◆ Work task:
Search the records for the word "lemma" and copy each line in which it appears.

------ Records for the task ------

(* Fix a constant $p>0$. Let $q(n,\ell)$ be any function with $q(n,\ell)/(\ell n)\to 0$ as $n,\ell\to\infty$ (i.e., for every $\varepsilon>0$ there is $N$ such that $q(n,\ell)\le \varepsilon \ell n$ whenever $n,\ell\ge N$). Then there is no randomized algorithm that, for every tournament $T$ on $n$ vertices whose champions lose $\ell$ matches, performs at most $q(n,\ell)$ arc lookups and outputs a champion of $T$ with probability at least $p$.
   Context: A tournament $T=(V,E)$ is an oriented complete graph: for every pair of distinct vertices $u,v$ exactly one of $(u,v)$, $(v,u)$ is in $E$; $(u,v)\in E$ means "$u$ beats $v$". An arc lookup is a query that, given distinct $u,v$, reveals the orientation of the arc between them. A champion (Copeland winner) is a vertex of maximum out-degree, i.e., one losing the fewest matches; $\ell$ denotes the number of matches it loses. A randomized algorithm may use internal random coins; the probability is over these coins, and the success guarantee must hold for every input tournament. *)

theory Defs
  imports "HOL-Probability.Probability_Mass_Function"
begin

text \<open>Tournaments on the vertex set {0..<n}: T u v means u beats v.
  The relation is empty outside {0..<n}, irreflexive, and for distinct
  vertices exactly one orientation holds.\<close>
definition tournament :: "nat \<Rightarrow> (nat \<Rightarrow> nat \<Rightarrow> bool) \<Rightarrow> bool" where
  "tournament n T \<longleftrightarrow>
     (\<forall>u v. T u v \<longrightarrow> u < n \<and> v < n) \<and>
     (\<forall>u. \<not> T u u) \<and>
     (\<forall>u<n. \<forall>v<n. u \<noteq> v \<longrightarrow> (T u v \<longleftrightarrow> \<not> T v u))"

definition outdeg :: "nat \<Rightarrow> (nat \<Rightarrow> nat \<Rightarrow> bool) \<Rightarrow> nat \<Rightarrow> nat" where
  "outdeg n T v = card {u. u < n \<and> T v u}"

definition champion :: "nat \<Rightarrow> (nat \<Rightarrow> nat \<Rightarrow> bool) \<Rightarrow> nat \<Rightarrow> bool" where
  "champion n T v \<longleftrightarrow> v < n \<and> (\<forall>u<n. outdeg n T u \<le> outdeg n T v)"

definition champ_losses :: "nat \<Rightarrow> (nat \<Rightarrow> nat \<Rightarrow> bool) \<Rightarrow> nat" where
  "champ_losses n T = n - 1 - Max {outdeg n T v | v. v < n}"

text \<open>Deterministic adaptive arc-lookup algorithms = decision trees.
  Query u v l r: look up the arc between u and v; continue with l if u beats v,
  with r otherwise. Leaf w: output w.\<close>
datatype dtree = Leaf nat | Query nat nat dtree dtree

fun run :: "(nat \<Rightarrow> nat \<Rightarrow> bool) \<Rightarrow> dtree \<Rightarrow> nat" where
  "run T (Leaf w) = w"
| "run T (Query u v l r) = (if T u v then run T l else run T r)"

fun lookups :: "(nat \<Rightarrow> nat \<Rightarrow> bool) \<Rightarrow> dtree \<Rightarrow> nat" where
  "lookups T (Leaf w) = 0"
| "lookups T (Query u v l r) = Suc (if T u v then lookups T l else lookups T r)"

text \<open>A randomized algorithm for n-vertex tournaments is a probability
  distribution over decision trees (its internal coins choose the tree).\<close>

end

theory Submission
  imports Defs
begin

text \<open>Reversing one arc b \<rightarrow> a of the circulant tournament on n = 2m + 1 vertices,
  in which every vertex beats the next m, makes a the unique champion, losing m - 1 matches.
  A decision tree making fewer than k lookups follows the same path as on the circulant
  tournament unless it queries the reversed pair, so it names the champion for at most
  2k + n of the nm reversals. Averaging over all reversals, success probability p on each
  of them forces p n m \<le> 2k + n, i.e. k is of order \<ell> n rather than o(\<ell> n).\<close>

fun queries_within :: "(nat \<Rightarrow> nat \<Rightarrow> bool) \<Rightarrow> nat \<Rightarrow> dtree \<Rightarrow> (nat \<times> nat) set" where
  "queries_within T 0 t = {}"
| "queries_within T (Suc k) (Leaf w) = {}"
| "queries_within T (Suc k) (Query u v l r) =
     insert (u, v) (queries_within T k (if T u v then l else r))"

lemma finite_queries_within: "finite (queries_within T k t)"
  by (induction T k t rule: queries_within.induct) auto

lemma card_queries_within_le: "card (queries_within T k t) \<le> k"
proof (induction T k t rule: queries_within.induct)
  case (3 T k u v l r)
  then show ?case
    using finite_queries_within by (simp add: card_insert_if le_SucI)
qed auto

lemma agree_on_queries_within:
  assumes "\<forall>(u, v) \<in> queries_within T k t. T' u v = T u v"
  shows "min k (lookups T' t) = min k (lookups T t)"
    and "lookups T t < k \<Longrightarrow> run T' t = run T t"
  using assms
  by (induction T k t rule: queries_within.induct) (auto split: if_splits)

definition reorient :: "(nat \<Rightarrow> nat \<Rightarrow> bool) \<Rightarrow> nat \<times> nat \<Rightarrow> nat \<Rightarrow> nat \<Rightarrow> bool" where
  "reorient T e u v = (if (u, v) = e then True else if (v, u) = e then False else T u v)"

lemma card_reorient_detected_le:
  assumes E: "E \<subseteq> {..<n} \<times> {..<n}"
    and short: "\<forall>e \<in> E. lookups (reorient T e) t < k"
  shows "card {e \<in> E. run (reorient T e) t = fst e} \<le> 2 * k + n"
proof -
  define S where "S = queries_within T k t"
  have "{e \<in> E. run (reorient T e) t = fst e} \<subseteq> S \<union> prod.swap ` S \<union> {run T t} \<times> {..<n}"
  proof
    fix e
    assume e: "e \<in> {e \<in> E. run (reorient T e) t = fst e}"
    show "e \<in> S \<union> prod.swap ` S \<union> {run T t} \<times> {..<n}"
    proof (cases "e \<in> S \<union> prod.swap ` S")
      case False
      then have "\<forall>(u, v) \<in> S. reorient T e u v = T u v"
        by (auto simp: reorient_def intro: rev_image_eqI)
      note agree = agree_on_queries_within[OF this[unfolded S_def]]
      have "lookups (reorient T e) t < k"
        using short e by blast
      then have "lookups T t < k"
        using agree(1) by (auto simp: min_def split: if_splits)
      then show ?thesis
        using agree(2) e E by (auto simp: mem_Times_iff)
    qed simp
  qed
  then have "card {e \<in> E. run (reorient T e) t = fst e}
      \<le> card (S \<union> prod.swap ` S \<union> {run T t} \<times> {..<n})"
    by (intro card_mono) (auto simp: S_def finite_queries_within)
  also have "\<dots> \<le> card S + card (prod.swap ` S) + card ({run T t} \<times> {..<n})"
    by (meson add_le_mono card_Un_le le_trans order_refl)
  also have "\<dots> \<le> 2 * k + n"
    using card_queries_within_le[of T k t] card_image_le[of S prod.swap]
    by (simp add: S_def finite_queries_within card_cartesian_product)
  finally show ?thesis .
qed

lemma sum_prob_le_card_bound:
  fixes M :: "'a pmf"
  assumes "finite I" and "\<forall>x \<in> set_pmf M. card {i \<in> I. x \<in> S i} \<le> B"
  shows "(\<Sum>i\<in>I. measure_pmf.prob M (S i)) \<le> B"
proof -
  have int: "integrable (measure_pmf M) (indicator (S i) :: 'a \<Rightarrow> real)" for i
    by (rule measure_pmf.integrable_const_bound[where B = 1]) auto
  have "(\<Sum>i\<in>I. measure_pmf.prob M (S i))
      = measure_pmf.expectation M (\<lambda>x. \<Sum>i\<in>I. indicator (S i) x :: real)"
    using int by (simp add: Bochner_Integration.integral_sum)
  also have "\<dots> \<le> B"
  proof (rule measure_pmf.integral_le_const)
    show "integrable (measure_pmf M) (\<lambda>x. \<Sum>i\<in>I. indicator (S i) x :: real)"
      using int by simp
    show "AE x in measure_pmf M. (\<Sum>i\<in>I. indicator (S i) x :: real) \<le> B"
    proof (rule AE_pmfI)
      fix x assume "x \<in> set_pmf M"
      moreover have "(\<Sum>i\<in>I. indicator (S i) x :: real) = card {i \<in> I. x \<in> S i}"
        using assms(1) by (simp add: indicator_def sum.If_cases Int_def conj_commute)
      ultimately show "(\<Sum>i\<in>I. indicator (S i) x :: real) \<le> B"
        using assms(2) by simp
    qed
  qed
  finally show ?thesis .
qed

------

◆ Solution for this problem:
lemma finite_queries_within: "finite (queries_within T k t)"
lemma card_queries_within_le: "card (queries_within T k t) \<le> k"
lemma agree_on_queries_within:
lemma card_reorient_detected_le:
lemma sum_prob_le_card_bound:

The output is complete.